EXERCISE DESCRIPTION. Below are some records; output all of them exactly.

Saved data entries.
BEGIN

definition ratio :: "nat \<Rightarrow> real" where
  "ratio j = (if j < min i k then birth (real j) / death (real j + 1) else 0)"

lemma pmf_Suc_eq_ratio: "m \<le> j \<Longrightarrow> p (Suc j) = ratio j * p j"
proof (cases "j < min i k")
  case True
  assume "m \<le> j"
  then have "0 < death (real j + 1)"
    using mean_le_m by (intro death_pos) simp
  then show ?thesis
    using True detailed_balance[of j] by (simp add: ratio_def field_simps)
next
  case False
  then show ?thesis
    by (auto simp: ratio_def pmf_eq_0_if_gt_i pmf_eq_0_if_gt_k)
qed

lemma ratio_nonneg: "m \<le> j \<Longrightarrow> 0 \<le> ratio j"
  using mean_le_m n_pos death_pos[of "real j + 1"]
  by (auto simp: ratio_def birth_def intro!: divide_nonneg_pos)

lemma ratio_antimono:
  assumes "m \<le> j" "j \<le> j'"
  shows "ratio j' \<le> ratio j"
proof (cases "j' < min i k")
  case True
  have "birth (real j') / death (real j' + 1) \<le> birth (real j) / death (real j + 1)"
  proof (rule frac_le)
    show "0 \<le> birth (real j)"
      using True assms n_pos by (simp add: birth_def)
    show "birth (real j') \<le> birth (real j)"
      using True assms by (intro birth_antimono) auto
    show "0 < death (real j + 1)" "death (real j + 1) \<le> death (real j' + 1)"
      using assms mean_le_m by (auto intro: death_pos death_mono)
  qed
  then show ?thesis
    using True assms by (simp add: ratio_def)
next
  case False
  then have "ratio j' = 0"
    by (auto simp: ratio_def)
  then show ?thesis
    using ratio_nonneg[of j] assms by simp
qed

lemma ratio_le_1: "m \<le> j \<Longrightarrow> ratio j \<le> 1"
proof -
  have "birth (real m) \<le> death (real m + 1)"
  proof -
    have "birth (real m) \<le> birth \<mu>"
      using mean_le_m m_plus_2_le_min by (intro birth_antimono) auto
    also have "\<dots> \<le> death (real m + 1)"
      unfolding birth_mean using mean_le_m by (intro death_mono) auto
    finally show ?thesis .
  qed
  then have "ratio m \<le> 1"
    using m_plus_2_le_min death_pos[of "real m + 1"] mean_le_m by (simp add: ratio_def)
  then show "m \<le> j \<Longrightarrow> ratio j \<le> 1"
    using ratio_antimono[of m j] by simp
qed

END

EXERCISE ANSWER.
definition ratio :: "nat \<Rightarrow> real" where
  "ratio j = (if j < min i k then birth (real j) / death (real j + 1) else 0)"

lemma pmf_Suc_eq_ratio: "m \<le> j \<Longrightarrow> p (Suc j) = ratio j * p j"
proof (cases "j < min i k")
  case True
  assume "m \<le> j"
  then have "0 < death (real j + 1)"
    using mean_le_m by (intro death_pos) simp
  then show ?thesis
    using True detailed_balance[of j] by (simp add: ratio_def field_simps)
next
  case False
  then show ?thesis
    by (auto simp: ratio_def pmf_eq_0_if_gt_i pmf_eq_0_if_gt_k)
qed

lemma ratio_nonneg: "m \<le> j \<Longrightarrow> 0 \<le> ratio j"
  using mean_le_m n_pos death_pos[of "real j + 1"]
  by (auto simp: ratio_def birth_def intro!: divide_nonneg_pos)

lemma ratio_antimono:
  assumes "m \<le> j" "j \<le> j'"
  shows "ratio j' \<le> ratio j"
proof (cases "j' < min i k")
  case True
  have "birth (real j') / death (real j' + 1) \<le> birth (real j) / death (real j + 1)"
  proof (rule frac_le)
    show "0 \<le> birth (real j)"
      using True assms n_pos by (simp add: birth_def)
    show "birth (real j') \<le> birth (real j)"
      using True assms by (intro birth_antimono) auto
    show "0 < death (real j + 1)" "death (real j + 1) \<le> death (real j' + 1)"
      using assms mean_le_m by (auto intro: death_pos death_mono)
  qed
  then show ?thesis
    using True assms by (simp add: ratio_def)
next
  case False
  then have "ratio j' = 0"
    by (auto simp: ratio_def)
  then show ?thesis
    using ratio_nonneg[of j] assms by simp
qed

lemma ratio_le_1: "m \<le> j \<Longrightarrow> ratio j \<le> 1"
proof -
  have "birth (real m) \<le> death (real m + 1)"
  proof -
    have "birth (real m) \<le> birth \<mu>"
      using mean_le_m m_plus_2_le_min by (intro birth_antimono) auto
    also have "\<dots> \<le> death (real m + 1)"
      unfolding birth_mean using mean_le_m by (intro death_mono) auto
    finally show ?thesis .
  qed
  then have "ratio m \<le> 1"
    using m_plus_2_le_min death_pos[of "real m + 1"] mean_le_m by (simp add: ratio_def)
  then show "m \<le> j \<Longrightarrow> ratio j \<le> 1"
    using ratio_antimono[of m j] by simp
qed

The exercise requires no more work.